Occorre ogni tanto fermarsi, stare in silenzio. Come si può sentire la voce del Maestro, la voce del Signore che ci parla nel frastuono di ogni giorno? Occorre ritrovare il silenzio, occorre ritrovare quel silenzio assordante per il mondo, per risentire la voce di Dio. Occorre riscoprire la meraviglia del suono della Sua voce. Nel frastuono non si può sentire la sua voce. Non è nel terremoto, neanche nel fuoco, neppure nelle tempeste di ogni giorno, Egli ci parla nella brezza di un vento leggero che a mala pena muove le foglie, si manifesta nella semplicità, in ciò che non ti aspetti.

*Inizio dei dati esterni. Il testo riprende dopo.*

(* Let $a_1,\dots,a_n$ be pairwise distinct letters and let $\mathcal{G}=(N,T,P,S)$ be a context-free grammar in which every nonterminal is productive, every production has the form $A\to BC$, $A\to a_i$ or $A\to\varepsilon$ ($A,B,C\in N$), and $L(\mathcal{G})\subseteq a_1^*a_2^*\cdots a_n^*$. Let $\mathcal{G}'$ be obtained from $\mathcal{G}$ by adding the production $A\to\varepsilon$ for every $A\in N$. For $i\in[1,n]$ let $L_i=\{A\in N\mid A\Rightarrow^*_{\mathcal{G}'} a_iA\}$ and $R_i=\{A\in N\mid A\Rightarrow^*_{\mathcal{G}'} Aa_i\}$. Let $\mathcal{G}^\omega$ be the grammar over the new terminal letters $a_1^\omega,\dots,a_n^\omega$ obtained from $\mathcal{G}'$ by (i) removing all productions $A\to a_i$, (ii) adding $A\to a_i^\omega A$ for each $A\in L_i$, and (iii) adding $A\to A a_i^\omega$ for each $A\in R_i$. Then $a_1^\omega a_2^\omega\cdots a_n^\omega\in L(\mathcal{G}^\omega)$ if and only if $a_1^*a_2^*\cdots a_n^*\subseteq\downarrow L(\mathcal{G})$.
   Context: $\downarrow L$ denotes the set of all (not necessarily contiguous) subwords of words in $L$. $A\Rightarrow^*_{\mathcal{G}'}w$ means that the sentential form $w\in(N\cup T)^*$ is derivable from $A$ in $\mathcal{G}'$. A nonterminal is productive if it derives some terminal word. *)

theory Defs
  imports Main "HOL-Library.Sublist"
begin

datatype ('n, 't) sym = Nt 'n | Tm 't

type_synonym ('n, 't) prod = "'n \<times> ('n, 't) sym list"

definition derive1 :: "('n, 't) prod set \<Rightarrow> ('n, 't) sym list \<Rightarrow> ('n, 't) sym list \<Rightarrow> bool" where
  "derive1 P u v \<longleftrightarrow> (\<exists>x y A rhs. (A, rhs) \<in> P \<and> u = x @ [Nt A] @ y \<and> v = x @ rhs @ y)"

definition derives :: "('n, 't) prod set \<Rightarrow> ('n, 't) sym list \<Rightarrow> ('n, 't) sym list \<Rightarrow> bool" where
  "derives P = (derive1 P)\<^sup>*\<^sup>*"

definition Lang :: "('n, 't) prod set \<Rightarrow> 'n \<Rightarrow> 't list set" where
  "Lang P S = {w. derives P [Nt S] (map Tm w)}"

definition productive :: "('n, 't) prod set \<Rightarrow> 'n \<Rightarrow> bool" where
  "productive P A \<longleftrightarrow> (\<exists>w. derives P [Nt A] (map Tm w))"

definition star_concat :: "'t list \<Rightarrow> 't list set" where
  "star_concat as = {w. \<exists>ks. length ks = length as \<and> w = concat (map2 (\<lambda>a k. replicate k a) as ks)}"

definition down_closure :: "'t list set \<Rightarrow> 't list set" where
  "down_closure L = {u. \<exists>w\<in>L. subseq u w}"

definition eps_closure_grammar :: "'n set \<Rightarrow> ('n, 't) prod set \<Rightarrow> ('n, 't) prod set" where
  "eps_closure_grammar N P = P \<union> {(A, []) | A. A \<in> N}"

text \<open>L_i and R_i (letter a_i = as ! i, 0-based index i).\<close>
definition Lset :: "'n set \<Rightarrow> ('n, 't) prod set \<Rightarrow> 't list \<Rightarrow> nat \<Rightarrow> 'n set" where
  "Lset N P as i = {A \<in> N. derives (eps_closure_grammar N P) [Nt A] [Tm (as ! i), Nt A]}"

definition Rset :: "'n set \<Rightarrow> ('n, 't) prod set \<Rightarrow> 't list \<Rightarrow> nat \<Rightarrow> 'n set" where
  "Rset N P as i = {A \<in> N. derives (eps_closure_grammar N P) [Nt A] [Nt A, Tm (as ! i)]}"

text \<open>G^omega over the new terminal alphabet: the letter a_i^omega is represented
by the index i (type nat).\<close>
definition omega_grammar :: "'n set \<Rightarrow> ('n, 't) prod set \<Rightarrow> 't list \<Rightarrow> ('n, nat) prod set" where
  "omega_grammar N P as =
     {(A, map Nt Bs) | A Bs. (A, map Nt Bs) \<in> eps_closure_grammar N P}
     \<union> {(A, [Tm i, Nt A]) | A i. i < length as \<and> A \<in> Lset N P as i}
     \<union> {(A, [Nt A, Tm i]) | A i. i < length as \<and> A \<in> Rset N P as i}"

end

theory Submission
  imports Defs
begin

text \<open>
  G' generates exactly the downward closure of L(G): its \<epsilon>-rules only erase subtrees, and
  as every nonterminal is productive an erased subtree can be replaced by a terminal one.
  Substituting the block a_i^k_i for every a_i^\<omega> turns derivations of G^\<omega> into
  derivations of G', so a_1^\<omega> ... a_n^\<omega> \<in> L(G^\<omega>) puts all of a_1^* ... a_n^* into L(G').

  Conversely, take a derivation tree in G' of a_1^M ... a_n^M for a huge M and show by
  induction on d that a node whose yield contains d consecutive long blocks
  a_i^m_i ... a_(i+d-1)^m_(i+d-1) derives a_i^\<omega> ... a_(i+d-1)^\<omega> in G^\<omega>. Descend to the
  node A \<rightarrow> B C at which this factor is cut between the two children. A cut inside an
  inner block leaves each child fewer blocks, each at least half as long. A cut inside the
  first block with its larger part in C gives A \<Rightarrow>* a_i C; then A is recorded and the
  descent continues in C. Once a recorded nonterminal is reached again it lies in L_i, and
  A \<rightarrow> a_i^\<omega> A consumes the whole first block (symmetrically for the last block and R_i).
  Every recorded nonterminal halves a block once, so blocks of length (2 * 4^|N|)^d suffice.
\<close>

lemma derives_refl [simp]: "derives P u u"
  by (simp add: derives_def)

lemma derives_trans [trans]: "derives P u v \<Longrightarrow> derives P v w \<Longrightarrow> derives P u w"
  by (simp add: derives_def)

lemma derives_prod: "(A, rhs) \<in> P \<Longrightarrow> derives P [Nt A] rhs"
  unfolding derives_def derive1_def by (intro r_into_rtranclp) (metis append_Nil append_Nil2)

lemma derives_context: "derives P u v \<Longrightarrow> derives P (l @ u @ r) (l @ v @ r)"
  unfolding derives_def
proof (induction rule: rtranclp_induct)
  case (step v w)
  from \<open>derive1 P v w\<close> have "derive1 P (l @ v @ r) (l @ w @ r)"
    unfolding derive1_def by (metis append.assoc)
  with step.IH show ?case by (rule rtranclp.rtrancl_into_rtrancl)
qed simp

lemma derives_append: "derives P u u' \<Longrightarrow> derives P v v' \<Longrightarrow> derives P (u @ v) (u' @ v')"
  by (metis append_Nil append_Nil2 derives_context derives_trans)

lemma derives_drop_right:
  assumes "(A, [Nt B, Nt C]) \<in> P" and "(C, []) \<in> P"
  shows "derives P [Nt A] [Nt B]"
proof -
  have "derives P [Nt A] ([Nt B] @ [Nt C] @ [])" using assms(1) by (simp add: derives_prod)
  also have "derives P \<dots> ([Nt B] @ [] @ [])" using derives_prod[OF assms(2)] by (rule derives_context)
  finally show ?thesis by simp
qed

lemma derives_drop_left:
  assumes "(A, [Nt B, Nt C]) \<in> P" and "(B, []) \<in> P"
  shows "derives P [Nt A] [Nt C]"
proof -
  have "derives P [Nt A] ([] @ [Nt B] @ [Nt C])" using assms(1) by (simp add: derives_prod)
  also have "derives P \<dots> ([] @ [] @ [Nt C])" using derives_prod[OF assms(2)] by (rule derives_context)
  finally show ?thesis by simp
qed

lemma derives_left_loop_power:
  assumes "derives P [Nt A] [Tm a, Nt A]"
  shows "derives P [Nt A] (replicate k (Tm a) @ [Nt A])"
proof (induction k)
  case (Suc k)
  have "derives P [Nt A] ([Tm a] @ [Nt A] @ [])" using assms by simp
  also have "derives P \<dots> ([Tm a] @ (replicate k (Tm a) @ [Nt A]) @ [])"
    using Suc.IH by (rule derives_context)
  finally show ?case by simp
qed simp

lemma derives_right_loop_power:
  assumes "derives P [Nt A] [Nt A, Tm a]"
  shows "derives P [Nt A] (Nt A # replicate k (Tm a))"
proof (induction k)
  case (Suc k)
  have "derives P [Nt A] ([] @ [Nt A] @ [Tm a])" using assms by simp
  also have "derives P \<dots> ([] @ (Nt A # replicate k (Tm a)) @ [Tm a])"
    using Suc.IH by (rule derives_context)
  finally show ?case by (simp add: replicate_append_same)
qed simp

section \<open>Derivation trees of grammars in binary form\<close>

inductive generates :: "('n, 't) prod set \<Rightarrow> 'n \<Rightarrow> 't list \<Rightarrow> bool" for P where
  generates_eps: "(A, []) \<in> P \<Longrightarrow> generates P A []"
| generates_tm: "(A, [Tm a]) \<in> P \<Longrightarrow> generates P A [a]"
| generates_bin: "(A, [Nt B, Nt C]) \<in> P \<Longrightarrow> generates P B u \<Longrightarrow> generates P C v \<Longrightarrow>
    generates P A (u @ v)"

lemma generates_imp_derives: "generates P A w \<Longrightarrow> derives P [Nt A] (map Tm w)"
proof (induction rule: generates.induct)
  case (generates_bin A B C u v)
  have "derives P [Nt A] ([Nt B] @ [Nt C])" using generates_bin.hyps(1) by (simp add: derives_prod)
  also have "derives P \<dots> (map Tm u @ map Tm v)" using generates_bin.IH by (rule derives_append)
  finally show ?case by simp
qed (simp_all add: derives_prod)

lemma generates_mono: "generates P A w \<Longrightarrow> P \<subseteq> Q \<Longrightarrow> generates Q A w"
  by (induction rule: generates.induct) (auto intro: generates.intros)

Siamo sempre presi da mille impegni, pensiamo a correre a destra e a sinistra e questo ci distoglie dal saper cogliere la Sua voce, il Suo messaggio, la Sua Parola. Il Signore in ogni istante ci parla, in ogni istante resta al nostro fianco. Abbandoniamo le nostre idee costruite su castelli di sabbia e apriamoci alla meraviglia, allo stupore, così che anche in un semplice cinguettio, in un battito d’ali di farfalla o in un caldo raggio di sole,  possiamo sentire la carezza di Dio, un segno del Suo infinito amore per noi.
(I novizi)

Com’è difficile farsi piccoli!

Com’è difficile farsi piccoli!

Come è difficile farsi piccoli! Il nostro orgoglio, il nostro Io ci uccide. Vogliamo sempre essere i primi, vogliamo sempre prevalere, vogliamo sempre stare al primo posto. Il piedistallo più alto deve sempre essere nostro! Guai a chi lo prende!
O poveri noi, dimentichiamo spesso di sentire ciò che tu ci dici, dimentichiamo le parole che Tu pronunci lungo la strada, dimentichiamo che tu stai camminando con noi, che lungo il cammino tu ci parli. Quante cose dimentichiamo! Facciamo orecchie da mercanti, pensiamo solo a noi stessi, pensiamo a salire quel gradino che ci dà fama, gratitudine, … L’unica cosa importante è essere primi, è essere importanti!
Ma tu, Signore, ci inviti a scendere, non è quella la giusta strada, non è lì che ti troveremo. Non è tra i primi posti che Tu ci attendi, ma tra gli ultimi, non è tra i vincenti, ma tra gli ultimi … O Signore, trasforma il nostro cuore di pietra in un cuore realmente di carne, un cuore che riesca ad emozionarsi, capace di guardare le tue meraviglie per stupirsi come fanno i bambini.

Signore rendici piccoli, ultimi fra gli ultimi. Si, facci tornare bambini.